DATA:

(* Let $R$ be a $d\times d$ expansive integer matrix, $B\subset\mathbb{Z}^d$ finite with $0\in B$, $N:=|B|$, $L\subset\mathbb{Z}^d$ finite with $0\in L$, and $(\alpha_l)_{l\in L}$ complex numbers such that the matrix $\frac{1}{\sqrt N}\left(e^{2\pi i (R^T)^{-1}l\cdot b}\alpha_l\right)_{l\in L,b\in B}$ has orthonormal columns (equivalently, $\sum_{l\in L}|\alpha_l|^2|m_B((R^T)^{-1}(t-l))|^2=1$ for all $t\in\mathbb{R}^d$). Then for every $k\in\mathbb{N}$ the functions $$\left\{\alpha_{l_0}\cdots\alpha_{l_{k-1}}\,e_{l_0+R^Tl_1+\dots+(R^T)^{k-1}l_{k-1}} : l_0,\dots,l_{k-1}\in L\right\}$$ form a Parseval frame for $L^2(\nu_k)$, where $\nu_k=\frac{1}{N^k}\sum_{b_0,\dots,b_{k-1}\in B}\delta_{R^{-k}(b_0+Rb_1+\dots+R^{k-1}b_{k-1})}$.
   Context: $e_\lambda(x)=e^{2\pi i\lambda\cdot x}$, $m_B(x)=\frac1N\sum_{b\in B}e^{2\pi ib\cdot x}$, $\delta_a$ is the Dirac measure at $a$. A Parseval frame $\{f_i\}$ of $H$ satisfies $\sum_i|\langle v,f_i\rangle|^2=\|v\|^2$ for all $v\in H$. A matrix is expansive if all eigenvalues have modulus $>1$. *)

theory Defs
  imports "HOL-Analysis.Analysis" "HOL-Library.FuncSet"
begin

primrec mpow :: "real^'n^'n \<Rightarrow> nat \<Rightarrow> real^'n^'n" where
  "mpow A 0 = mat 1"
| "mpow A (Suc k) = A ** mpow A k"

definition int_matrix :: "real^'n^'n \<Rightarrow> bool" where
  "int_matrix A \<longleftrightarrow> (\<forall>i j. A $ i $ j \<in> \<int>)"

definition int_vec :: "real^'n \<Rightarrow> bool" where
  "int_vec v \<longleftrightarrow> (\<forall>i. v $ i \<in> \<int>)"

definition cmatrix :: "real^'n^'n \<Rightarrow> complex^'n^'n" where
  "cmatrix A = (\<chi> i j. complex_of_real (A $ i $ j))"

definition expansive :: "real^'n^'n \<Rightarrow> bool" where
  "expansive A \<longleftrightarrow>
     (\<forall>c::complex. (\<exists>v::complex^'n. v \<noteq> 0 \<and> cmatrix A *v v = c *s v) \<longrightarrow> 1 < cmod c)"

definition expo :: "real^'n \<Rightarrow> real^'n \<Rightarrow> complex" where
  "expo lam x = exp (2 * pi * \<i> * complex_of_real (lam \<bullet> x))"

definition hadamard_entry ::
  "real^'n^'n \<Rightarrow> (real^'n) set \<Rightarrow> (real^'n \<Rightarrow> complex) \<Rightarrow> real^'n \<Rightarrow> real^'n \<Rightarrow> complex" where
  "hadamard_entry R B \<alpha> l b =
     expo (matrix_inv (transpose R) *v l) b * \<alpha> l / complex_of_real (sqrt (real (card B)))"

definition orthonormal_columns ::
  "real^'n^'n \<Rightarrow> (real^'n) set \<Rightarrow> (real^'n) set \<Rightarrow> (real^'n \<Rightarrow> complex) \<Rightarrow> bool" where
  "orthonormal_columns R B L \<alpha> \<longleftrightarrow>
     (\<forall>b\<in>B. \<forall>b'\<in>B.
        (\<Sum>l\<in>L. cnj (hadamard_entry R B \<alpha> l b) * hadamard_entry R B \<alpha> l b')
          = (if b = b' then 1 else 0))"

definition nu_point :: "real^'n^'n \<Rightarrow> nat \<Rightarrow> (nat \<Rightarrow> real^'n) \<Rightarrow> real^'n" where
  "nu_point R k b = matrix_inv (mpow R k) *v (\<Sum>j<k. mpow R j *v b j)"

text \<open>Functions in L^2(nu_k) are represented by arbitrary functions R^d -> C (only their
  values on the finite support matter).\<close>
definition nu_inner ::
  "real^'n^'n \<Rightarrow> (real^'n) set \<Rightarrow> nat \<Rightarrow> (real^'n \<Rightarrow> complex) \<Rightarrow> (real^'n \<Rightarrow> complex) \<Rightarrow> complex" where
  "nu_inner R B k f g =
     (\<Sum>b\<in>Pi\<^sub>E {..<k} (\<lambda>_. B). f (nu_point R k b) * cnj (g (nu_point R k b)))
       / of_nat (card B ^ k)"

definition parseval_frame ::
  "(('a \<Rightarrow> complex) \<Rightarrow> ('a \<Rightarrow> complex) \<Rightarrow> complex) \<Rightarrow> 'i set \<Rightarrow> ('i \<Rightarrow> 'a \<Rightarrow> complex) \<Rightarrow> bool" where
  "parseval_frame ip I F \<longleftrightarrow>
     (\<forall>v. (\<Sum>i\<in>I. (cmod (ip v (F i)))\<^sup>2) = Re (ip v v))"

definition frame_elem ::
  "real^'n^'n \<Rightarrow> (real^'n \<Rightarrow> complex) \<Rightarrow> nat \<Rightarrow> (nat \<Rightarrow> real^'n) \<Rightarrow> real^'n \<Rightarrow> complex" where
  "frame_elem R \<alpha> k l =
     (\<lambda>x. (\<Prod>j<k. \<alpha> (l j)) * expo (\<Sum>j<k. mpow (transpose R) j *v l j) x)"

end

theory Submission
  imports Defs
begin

WHAT TO DO:
From the first line to the last, transcribe the listing exactly.

SOLUTION TO THE PROBLEM:
(* Let $R$ be a $d\times d$ expansive integer matrix, $B\subset\mathbb{Z}^d$ finite with $0\in B$, $N:=|B|$, $L\subset\mathbb{Z}^d$ finite with $0\in L$, and $(\alpha_l)_{l\in L}$ complex numbers such that the matrix $\frac{1}{\sqrt N}\left(e^{2\pi i (R^T)^{-1}l\cdot b}\alpha_l\right)_{l\in L,b\in B}$ has orthonormal columns (equivalently, $\sum_{l\in L}|\alpha_l|^2|m_B((R^T)^{-1}(t-l))|^2=1$ for all $t\in\mathbb{R}^d$). Then for every $k\in\mathbb{N}$ the functions $$\left\{\alpha_{l_0}\cdots\alpha_{l_{k-1}}\,e_{l_0+R^Tl_1+\dots+(R^T)^{k-1}l_{k-1}} : l_0,\dots,l_{k-1}\in L\right\}$$ form a Parseval frame for $L^2(\nu_k)$, where $\nu_k=\frac{1}{N^k}\sum_{b_0,\dots,b_{k-1}\in B}\delta_{R^{-k}(b_0+Rb_1+\dots+R^{k-1}b_{k-1})}$.
   Context: $e_\lambda(x)=e^{2\pi i\lambda\cdot x}$, $m_B(x)=\frac1N\sum_{b\in B}e^{2\pi ib\cdot x}$, $\delta_a$ is the Dirac measure at $a$. A Parseval frame $\{f_i\}$ of $H$ satisfies $\sum_i|\langle v,f_i\rangle|^2=\|v\|^2$ for all $v\in H$. A matrix is expansive if all eigenvalues have modulus $>1$. *)

theory Defs
  imports "HOL-Analysis.Analysis" "HOL-Library.FuncSet"
begin

primrec mpow :: "real^'n^'n \<Rightarrow> nat \<Rightarrow> real^'n^'n" where
  "mpow A 0 = mat 1"
| "mpow A (Suc k) = A ** mpow A k"

definition int_matrix :: "real^'n^'n \<Rightarrow> bool" where
  "int_matrix A \<longleftrightarrow> (\<forall>i j. A $ i $ j \<in> \<int>)"

definition int_vec :: "real^'n \<Rightarrow> bool" where
  "int_vec v \<longleftrightarrow> (\<forall>i. v $ i \<in> \<int>)"

definition cmatrix :: "real^'n^'n \<Rightarrow> complex^'n^'n" where
  "cmatrix A = (\<chi> i j. complex_of_real (A $ i $ j))"

definition expansive :: "real^'n^'n \<Rightarrow> bool" where
  "expansive A \<longleftrightarrow>
     (\<forall>c::complex. (\<exists>v::complex^'n. v \<noteq> 0 \<and> cmatrix A *v v = c *s v) \<longrightarrow> 1 < cmod c)"

definition expo :: "real^'n \<Rightarrow> real^'n \<Rightarrow> complex" where
  "expo lam x = exp (2 * pi * \<i> * complex_of_real (lam \<bullet> x))"

definition hadamard_entry ::
  "real^'n^'n \<Rightarrow> (real^'n) set \<Rightarrow> (real^'n \<Rightarrow> complex) \<Rightarrow> real^'n \<Rightarrow> real^'n \<Rightarrow> complex" where
  "hadamard_entry R B \<alpha> l b =
     expo (matrix_inv (transpose R) *v l) b * \<alpha> l / complex_of_real (sqrt (real (card B)))"

definition orthonormal_columns ::
  "real^'n^'n \<Rightarrow> (real^'n) set \<Rightarrow> (real^'n) set \<Rightarrow> (real^'n \<Rightarrow> complex) \<Rightarrow> bool" where
  "orthonormal_columns R B L \<alpha> \<longleftrightarrow>
     (\<forall>b\<in>B. \<forall>b'\<in>B.
        (\<Sum>l\<in>L. cnj (hadamard_entry R B \<alpha> l b) * hadamard_entry R B \<alpha> l b')
          = (if b = b' then 1 else 0))"

definition nu_point :: "real^'n^'n \<Rightarrow> nat \<Rightarrow> (nat \<Rightarrow> real^'n) \<Rightarrow> real^'n" where
  "nu_point R k b = matrix_inv (mpow R k) *v (\<Sum>j<k. mpow R j *v b j)"

text \<open>Functions in L^2(nu_k) are represented by arbitrary functions R^d -> C (only their
  values on the finite support matter).\<close>
definition nu_inner ::
  "real^'n^'n \<Rightarrow> (real^'n) set \<Rightarrow> nat \<Rightarrow> (real^'n \<Rightarrow> complex) \<Rightarrow> (real^'n \<Rightarrow> complex) \<Rightarrow> complex" where
  "nu_inner R B k f g =
     (\<Sum>b\<in>Pi\<^sub>E {..<k} (\<lambda>_. B). f (nu_point R k b) * cnj (g (nu_point R k b)))
       / of_nat (card B ^ k)"

definition parseval_frame ::
  "(('a \<Rightarrow> complex) \<Rightarrow> ('a \<Rightarrow> complex) \<Rightarrow> complex) \<Rightarrow> 'i set \<Rightarrow> ('i \<Rightarrow> 'a \<Rightarrow> complex) \<Rightarrow> bool" where
  "parseval_frame ip I F \<longleftrightarrow>
     (\<forall>v. (\<Sum>i\<in>I. (cmod (ip v (F i)))\<^sup>2) = Re (ip v v))"

definition frame_elem ::
  "real^'n^'n \<Rightarrow> (real^'n \<Rightarrow> complex) \<Rightarrow> nat \<Rightarrow> (nat \<Rightarrow> real^'n) \<Rightarrow> real^'n \<Rightarrow> complex" where
  "frame_elem R \<alpha> k l =
     (\<lambda>x. (\<Prod>j<k. \<alpha> (l j)) * expo (\<Sum>j<k. mpow (transpose R) j *v l j) x)"

end

theory Submission
  imports Defs
begin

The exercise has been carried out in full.